Uno stadio importante quello meneghino, emblema del calcio di Milano ma potremmo dire del calcio italiano in Europa e nel mondo. Lo stesso Meazza rappresenta un grande prodotto del calcio nostrano, un idolo delle folle interiste e un autentico trascinatore e rappresentante della Nazionale italiana campione del mondo nel 1934 e 1938.

Eppure la storia di questa intitolazione rivela che non fu né facile né scontata.

Dopo la morte del grande campione ci fu una persona che, non appena avuta la notizia della scomparsa, prese molto seriamente la questione dell’intitolazione, il giornalista Mario Natucci.

Con un’iniziativa lanciata dalle colonne della “Notte”, una testata all’epoca tra le più lette a Milano, Natucci persegue questo obiettivo che diventa tale già la sera stessa della triste notizia.

Meazza è un campione che certamente è ricordato con la maglia della Nazionale ma anche con quella dell’Inter. Pochi ricordano invece che ha vestito per due stagioni, dal 1940 al 1942, la maglia anche del Milan, che in quel periodo si chiamava Milano. E questo era certamente un punto a favore dell’iniziativa …ma c’era qualche ostacolo.

Alla burocrazia, purtroppo tipica nella nostra penisola anche all’epoca, si aggiungeva una difficoltà ulteriore: a Milano in quel periodo vi era una giunta socialista, di sinistra che si opponeva all’intitolazione ad un uomo che era identificato e inquadrato in un periodo storico ben definito, un periodo di vittorie mondiali sotto gli stemmi del fascismo. Inoltre Meazza si “portava dietro” un soprannome davvero scomodo per “sperare” in una intitolazione dello Stadio di San Siro: “Balilla”. Questo soprannome gli fu dato in occasione di una partita in cui l’allenatore Weisz lesse nello spogliatoio la formazione annunciando la presenza in campo del giovane Meazza nell’undici iniziale. Uno dei calciatori più anziani, Leopoldo Conti, esclamò allora: «Adesso facciamo giocare anche i balilla!». Come sappiamo l’Opera Nazionale Balilla raccoglieva tutti i bambini dagli 8 ai 14 anni e al “vecchio” Conti venne spontaneo apostrofare in quel modo il giovane Meazza.
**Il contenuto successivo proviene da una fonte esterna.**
lemma collatz_wielandt_bound:
  fixes A :: "real mat"
  assumes A: "A \<in> carrier_mat n n"
    and nonneg: "\<And>i j. i < n \<Longrightarrow> j < n \<Longrightarrow> 0 \<le> A $$ (i, j)"
    and y: "y \<in> carrier_vec n" and pos: "\<And>i. i < n \<Longrightarrow> 0 < y $ i"
    and super: "\<And>i. i < n \<Longrightarrow> (A *\<^sub>v y) $ i \<le> \<beta> * y $ i"
    and "eigenvalue A \<mu>"
  shows "\<bar>\<mu>\<bar> \<le> \<beta>"
proof -
  obtain v where v: "v \<in> carrier_vec n" "v \<noteq> 0\<^sub>v n" "A *\<^sub>v v = \<mu> \<cdot>\<^sub>v v"
    using \<open>eigenvalue A \<mu>\<close> A unfolding eigenvalue_def eigenvector_def by auto
  obtain i1 where i1: "i1 < n" "v $ i1 \<noteq> 0"
    using v(1,2) by (metis carrier_vecD eq_vecI index_zero_vec)
  define g where "g i = \<bar>v $ i\<bar> / y $ i" for i
  obtain i0 where i0: "i0 < n" and i0_max: "\<And>i. i < n \<Longrightarrow> g i \<le> g i0"
  proof -
    have "Max (g ` {..<n}) \<in> g ` {..<n}"
      using i1(1) by (intro Max_in) auto
    then obtain i0 where "i0 < n" "g i0 = Max (g ` {..<n})" by auto
    then show thesis using that[of i0] by (auto intro: Max_ge)
  qed
  have "0 < g i1" using i1 pos by (simp add: g_def)
  then have c_pos: "0 < g i0" using i0_max[OF i1(1)] by simp
  have v_le: "\<bar>v $ j\<bar> \<le> g i0 * y $ j" if "j < n" for j
    using i0_max[OF that] pos[OF that] by (simp add: g_def field_simps)
  have mat_vec: "(A *\<^sub>v w) $ i0 = (\<Sum>j<n. A $$ (i0, j) * w $ j)" if "w \<in> carrier_vec n" for w
    using A that i0 by (simp add: mult_mat_vec_def scalar_prod_def row_def lessThan_atLeast0)
  have "\<mu> * v $ i0 = (\<Sum>j<n. A $$ (i0, j) * v $ j)"
    using v(1,3) i0 mat_vec[OF v(1)] by simp
  then have "\<bar>\<mu>\<bar> * \<bar>v $ i0\<bar> = \<bar>\<Sum>j<n. A $$ (i0, j) * v $ j\<bar>"
    by (metis abs_mult)
  also have "\<dots> \<le> (\<Sum>j<n. A $$ (i0, j) * (g i0 * y $ j))"
    by (rule order.trans[OF sum_abs sum_mono])
      (use nonneg[OF i0] v_le in \<open>simp add: abs_mult mult_left_mono\<close>)
  also have "\<dots> = g i0 * (A *\<^sub>v y) $ i0"
    by (simp add: mat_vec[OF y] sum_distrib_left algebra_simps)
  also have "\<dots> \<le> g i0 * (\<beta> * y $ i0)"
    using super[OF i0] c_pos by simp
  also have "\<dots> = \<beta> * \<bar>v $ i0\<bar>"
    using pos[OF i0] by (simp add: g_def)
  finally have "\<bar>\<mu>\<bar> * \<bar>v $ i0\<bar> \<le> \<beta> * \<bar>v $ i0\<bar>" .
  moreover have "0 < \<bar>v $ i0\<bar>"
    using c_pos pos[OF i0] by (simp add: g_def zero_less_divide_iff)
  ultimately show ?thesis by simp
qed

lemma spec_rad_eq_pos_eigenvector:
  assumes "0 < N" and v: "v \<in> carrier_vec N" and pos: "\<And>i. i < N \<Longrightarrow> 0 < v $ i"
    and eig: "adj_mat N E *\<^sub>v v = \<mu> \<cdot>\<^sub>v v"
  shows "spec_rad N E = \<mu>"
proof -
  have A: "adj_mat N E \<in> carrier_mat N N" by (simp add: adj_mat_def)
  have "v \<noteq> 0\<^sub>v N" using pos[OF \<open>0 < N\<close>] \<open>0 < N\<close> by auto
  then have ev: "eigenvalue (adj_mat N E) \<mu>"
    using v eig A unfolding eigenvalue_def eigenvector_def by auto
  have "\<bar>\<mu>'\<bar> \<le> \<mu>" if "eigenvalue (adj_mat N E) \<mu>'" for \<mu>'
    by (rule collatz_wielandt_bound[OF A _ v pos _ that]) (use v eig in \<open>auto simp: adj_mat_def\<close>)
  then show ?thesis
    unfolding spec_rad_def using finite_eigenvalues[OF A] ev
    by (intro Max_eqI) (auto intro: order.trans[OF abs_ge_self])
qed

lemma plus_inverse_strict_mono:
  fixes a b :: real
  assumes "1 < a" "a < b"
  shows "a + 1 / a < b + 1 / b"
proof -
  have "1 / a - 1 / b = (b - a) / (a * b)"
    using assms by (simp add: field_simps)
  also have "\<dots> < b - a"
    using assms by (simp add: divide_less_eq less_1_mult)
  finally show ?thesis by simp
qed

text \<open>For \<open>\<lambda> = t + 1/t\<close>: \<open>pendant_val t k\<close> solves \<open>x\<^sub>k\<^sub>-\<^sub>1 + x\<^sub>k\<^sub>+\<^sub>1 = \<lambda> x\<^sub>k\<close> with \<open>x\<^sub>-\<^sub>1 = 0\<close>,
  that is, the eigenvector along a pendant path at distance \<open>k\<close> from its end. \<open>arm_val r t k\<close> is
  the solution at distance \<open>k\<close> from a vertex carrying \<open>r\<close> pendant paths of length 2 whose
  vertices take the values \<open>t * pendant_val t 1\<close> and \<open>t * pendant_val t 0\<close>; the equations at that
  vertex force its coefficients \<open>arm_grow\<close> and \<open>arm_decay\<close>, written in \<open>X = t\<^sup>2\<close>.\<close>

definition pendant_val :: "real \<Rightarrow> nat \<Rightarrow> real" where
  "pendant_val t k = t ^ (k + 1) - 1 / t ^ (k + 1)"

definition arm_grow :: "nat \<Rightarrow> real \<Rightarrow> real" where
  "arm_grow r X = X\<^sup>2 - (real r - 1) * (X + 1)"

definition arm_decay :: "nat \<Rightarrow> real \<Rightarrow> real" where
  "arm_decay r X = (real r - 1) * (X + 1) - 1 / X"

definition arm_val :: "nat \<Rightarrow> real \<Rightarrow> nat \<Rightarrow> real" where
  "arm_val r t k = arm_grow r (t\<^sup>2) * t ^ k + arm_decay r (t\<^sup>2) / t ^ k"

lemma pendant_val_step:
  "t \<noteq> 0 \<Longrightarrow> pendant_val t k + pendant_val t (Suc (Suc k)) = (t + 1 / t) * pendant_val t (Suc k)"
  by (simp add: pendant_val_def field_simps)

lemma pendant_val_end: "t \<noteq> 0 \<Longrightarrow> pendant_val t 1 = (t + 1 / t) * pendant_val t 0"
  by (simp add: pendant_val_def field_simps power2_eq_square)

lemma arm_val_step:
  "t \<noteq> 0 \<Longrightarrow> arm_val r t k + arm_val r t (Suc (Suc k)) = (t + 1 / t) * arm_val r t (Suc k)"
  by (simp add: arm_val_def field_simps)

lemma arm_val_hub:
  "t \<noteq> 0 \<Longrightarrow> arm_val r t 1 + real r * (t * pendant_val t 1) = (t + 1 / t) * arm_val r t 0"
  by (simp add: arm_val_def arm_grow_def arm_decay_def pendant_val_def field_simps
      power2_eq_square power3_eq_cube)

lemma arm_val_twig:
  "t \<noteq> 0 \<Longrightarrow> arm_val r t 0 + t * pendant_val t 0 = (t + 1 / t) * (t * pendant_val t 1)"
  by (simp add: arm_val_def arm_grow_def arm_decay_def pendant_val_def field_simps
      power2_eq_square power3_eq_cube)

lemma pendant_val_pos:
  assumes "1 < t"
  shows "0 < pendant_val t k"
proof -
  have "1 < t ^ (k + 1)" using one_less_power[OF assms, of "k + 1"] by simp
  then have "1 / t ^ (k + 1) < t ^ (k + 1)" by (simp add: divide_less_eq less_1_mult)
  then show ?thesis by (simp add: pendant_val_def)
qed

lemma arm_decay_pos:
  assumes "1 < X" "2 \<le> r"
  shows "0 < arm_decay r X"
proof -
  have "X + 1 \<le> (real r - 1) * (X + 1)"
    using assms by (simp add: mult_le_cancel_right1)
  moreover have "1 / X < 1" using assms by simp
  ultimately show ?thesis using assms unfolding arm_decay_def by linarith
qed

lemma arm_val_pos:
  assumes "1 < t" "2 \<le> r" "0 \<le> arm_grow r (t\<^sup>2)"
  shows "0 < arm_val r t k"
proof -
  have "0 < arm_decay r (t\<^sup>2)"
    using assms by (intro arm_decay_pos) (simp_all add: one_less_power)
  then show ?thesis
    using assms by (simp add: arm_val_def add_nonneg_pos)
qed

lemma arm_grow_gap:
  assumes "r < s" "0 \<le> X + 1"
  shows "arm_grow s X + (X + 1) \<le> arm_grow r X"
proof -
  have "1 * (X + 1) \<le> (real s - real r) * (X + 1)"
    using assms by (intro mult_right_mono) auto
  then show ?thesis by (simp add: arm_grow_def algebra_simps)
qed

lemma arm_grow_nonneg_above_root:
  assumes "1 \<le> X\<^sub>0" "X\<^sub>0 \<le> X" "arm_grow s X\<^sub>0 = 0" "1 \<le> s"
  shows "0 \<le> arm_grow s X"
proof -
  define c where "c = real s - 1"
  have c: "0 \<le> c" "X\<^sub>0\<^sup>2 = c * (X\<^sub>0 + 1)"
    using assms by (simp_all add: c_def arm_grow_def)
  have "c \<le> X\<^sub>0"
  proof (rule ccontr)
    assume "\<not> c \<le> X\<^sub>0"
    then have "X\<^sub>0 * X\<^sub>0 < c * X\<^sub>0" using assms(1) by (intro mult_strict_right_mono) auto
    then show False using c by (simp add: power2_eq_square algebra_simps)
  qed
  have "arm_grow s X = (X - X\<^sub>0) * (X + X\<^sub>0 - c) + (X\<^sub>0\<^sup>2 - c * (X\<^sub>0 + 1))"
    by (simp add: arm_grow_def c_def algebra_simps power2_eq_square)
  then show ?thesis
    using c \<open>c \<le> X\<^sub>0\<close> assms by simp
qed
(* Let $k\ge3$ and $P_k=I+\frac16U_k$. Then all eigenvalues of $P_k$ are real. Ordering them as $\lambda_k\le\lambda_{k-1}\le\cdots\le\lambda_2\le\lambda_1$, we have $\lambda_1=1$ and $$\max(|\lambda_k|,|\lambda_2|)\le 1-\frac{1}{3k^2}.$$
   Context: The matrices $U_k$ ($k\ge3$) are: $U_3=\begin{pmatrix}-4&4&0\\2&-4&2\\0&4&-4\end{pmatrix}$; for $k\ge4$, $U_k$ is the $k\times k$ tridiagonal matrix with first row $(-4,4,0,\dots,0)$, second row $(2,-5,3,0,\dots,0)$, rows $3,\dots,k-2$ having entries $3,-6,3$ on the sub-, main and super-diagonal, row $k-1$ equal to $(0,\dots,0,3,-5,2)$, and last row $(0,\dots,0,4,-4)$. (So $U_4=\begin{pmatrix}-4&4&0&0\\2&-5&3&0\\0&3&-5&2\\0&0&4&-4\end{pmatrix}$.) $I$ denotes the $k\times k$ identity matrix. *)

theory Defs
  imports "Jordan_Normal_Form.Char_Poly" "HOL.Complex"
begin

(* U_k as a k x k real matrix, 0-indexed rows/columns i,j < k *)
definition U_entry :: "nat \<Rightarrow> nat \<Rightarrow> nat \<Rightarrow> real" where
  "U_entry k i j =
    (if k = 3 then
       (if i = 0 then (if j = 0 then -4 else if j = 1 then 4 else 0)
        else if i = 1 then (if j = 0 then 2 else if j = 1 then -4 else if j = 2 then 2 else 0)
        else (if j = 1 then 4 else if j = 2 then -4 else 0))
     else
       (if i = 0 then (if j = 0 then -4 else if j = 1 then 4 else 0)
        else if i = 1 then (if j = 0 then 2 else if j = 1 then -5 else if j = 2 then 3 else 0)
        else if i = k - 1 then (if j = k - 2 then 4 else if j = k - 1 then -4 else 0)
        else if i = k - 2 then (if j = k - 3 then 3 else if j = k - 2 then -5 else if j = k - 1 then 2 else 0)
        else (if j + 1 = i then 3 else if j = i then -6 else if j = i + 1 then 3 else 0)))"

definition U :: "nat \<Rightarrow> real mat" where
  "U k = mat k k (\<lambda>(i, j). U_entry k i j)"

definition P :: "nat \<Rightarrow> real mat" where
  "P k = 1\<^sub>m k + (1/6) \<cdot>\<^sub>m U k"

end

theory Submission
  imports Defs Complex_Main
begin

text \<open>
  For \<open>k \<ge> 4\<close> the eigenvalue equation \<open>P v = l v\<close> with \<open>v\<^sub>0 = 1\<close> can be solved row by
  row: the first \<open>k - 1\<close> rows determine \<open>v\<close> uniquely, the interior rows giving the Chebyshev
  recurrence \<open>v\<^sub>i\<^sub>+\<^sub>1 = 2 l v\<^sub>i - v\<^sub>i\<^sub>-\<^sub>1\<close>. Hence \<open>l\<close> is an eigenvalue iff the last row holds,
  i.e. iff a polynomial \<open>char_fun k l\<close> vanishes. Substituting \<open>l = cos t\<close> gives
  \<open>4 sin t \<cdot> char_fun k (cos t) = (1 - cos t)/2 \<cdot> (9 sin kt + 6 sin (k-2)t + sin (k-4)t)\<close>,
  whose sign alternates on the nodes \<open>t\<^sub>m = (2m+1)\<pi>/(2k)\<close>, \<open>m < k\<close>. By the intermediate value
  theorem there are \<open>k - 1\<close> eigenvalues strictly between consecutive \<open>cos t\<^sub>m\<close>; together with
  the eigenvalue \<open>1\<close> (constant eigenvector) these are all \<open>k\<close> eigenvalues, they are simple and
  real, and all but \<open>1\<close> lie in \<open>(-cos t\<^sub>0, cos t\<^sub>0)\<close>, where
  \<open>cos (\<pi>/(2k)) \<le> 1 - 1/(3k\<^sup>2)\<close>. The case \<open>k = 3\<close> is computed by hand.
\<close>

section \<open>Characteristic polynomials with simple eigenvalues\<close>

definition listed_spectrum :: "'a::{comm_ring_1,linorder} mat \<Rightarrow> nat \<Rightarrow> (nat \<Rightarrow> 'a) \<Rightarrow> bool" where
  "listed_spectrum A n lam \<longleftrightarrow>
     (\<forall>i j. 1 \<le> i \<longrightarrow> i < j \<longrightarrow> j \<le> n \<longrightarrow> lam j < lam i) \<and> (\<forall>i\<in>{1..n}. eigenvalue A (lam i))"

lemma eigenvalueI_mult_vec:
  fixes A :: "'a::field mat"
  assumes A: "A \<in> carrier_mat n n" and i: "i < n" "f i \<noteq> 0"
    and mult: "\<And>j. j < n \<Longrightarrow> (A *\<^sub>v vec n f) $ j = l * f j"
  shows "eigenvalue A l"
proof -
  have "vec n f \<noteq> 0\<^sub>v n"
    using i by (metis index_vec index_zero_vec(1))
  moreover have "A *\<^sub>v vec n f = l \<cdot>\<^sub>v vec n f"
    using A mult by (intro eq_vecI) auto
  ultimately have "eigenvector A (vec n f) l"
    using A unfolding eigenvector_def by auto
  then show ?thesis
    unfolding eigenvalue_def by blast
qed

lemma char_poly_eq_prod_eigenvalues:
  fixes A :: "'a::field mat"
  assumes A: "A \<in> carrier_mat n n" and inj: "inj_on lam {1..n}"
    and ev: "\<And>i. i \<in> {1..n} \<Longrightarrow> eigenvalue A (lam i)"
  shows "char_poly A = (\<Prod>i = 1..n. [:- lam i, 1:])"
proof (rule poly_eqI_degree_lead_coeff[of _ n _ "lam ` {1..n}"])
  have dm: "degree (char_poly A) = n" "coeff (char_poly A) n = 1"
    using degree_monic_char_poly[OF A] by auto
  have dq: "degree (\<Prod>i = 1..n. [:- lam i, 1:]) = n"
    by (subst degree_prod_eq_sum_degree) auto
  moreover have "lead_coeff (\<Prod>i = 1..n. [:- lam i, 1:]) = 1"
    by (simp add: lead_coeff_prod)
  ultimately show "coeff (char_poly A) n = coeff (\<Prod>i = 1..n. [:- lam i, 1:]) n"
    using dm by simp
  show "n \<le> card (lam ` {1..n})"
    using inj by (simp add: card_image)
  show "degree (char_poly A) \<le> n" "degree (\<Prod>i = 1..n. [:- lam i, 1:]) \<le> n"
    using dm dq by simp_all
  fix z assume "z \<in> lam ` {1..n}"
  then obtain i where i: "i \<in> {1..n}" "z = lam i" by auto
  then have "poly (char_poly A) z = 0"
    using ev eigenvalue_root_char_poly[OF A] by simp
  moreover have "poly (\<Prod>i = 1..n. [:- lam i, 1:]) z = 0"
    using i by (auto simp: poly_prod prod_zero_iff)
  ultimately show "poly (char_poly A) z = poly (\<Prod>i = 1..n. [:- lam i, 1:]) z"
    by simp
qed

lemma char_poly_listed_spectrum:
  fixes A :: "'a::{field,linorder} mat"
  assumes "A \<in> carrier_mat n n" "listed_spectrum A n lam"
  shows "char_poly A = (\<Prod>i = 1..n. [:- lam i, 1:])"
proof (rule char_poly_eq_prod_eigenvalues)
  show "inj_on lam {1..n}"
  proof (rule inj_onI)
    fix i j assume "i \<in> {1..n}" "j \<in> {1..n}" "lam i = lam j"
    then show "i = j"
      using assms(2) unfolding listed_spectrum_def
      by (metis atLeastAtMost_iff linorder_neqE_nat order_less_irrefl)
  qed
qed (use assms in \<open>auto simp: listed_spectrum_def\<close>)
Natucci insieme al responsabile dei Servizi Sportivi de “La Notte” Enrico Crespi, promuove l’iniziativa di intitolazione di San Siro al grande campione, pubblicando sulle pagine del quotidiano una scheda che i lettori avrebbero dovuto riempire dichiarandosi quindi favorevoli all’iniziativa. Ne arrivarono migliaia, più di quanto i fautori stessi si sarebbero mai immaginato. Ovviamente furono fatte vedere al sindaco dell’epoca Carlo Tognoli, ma la situazione era in stallo.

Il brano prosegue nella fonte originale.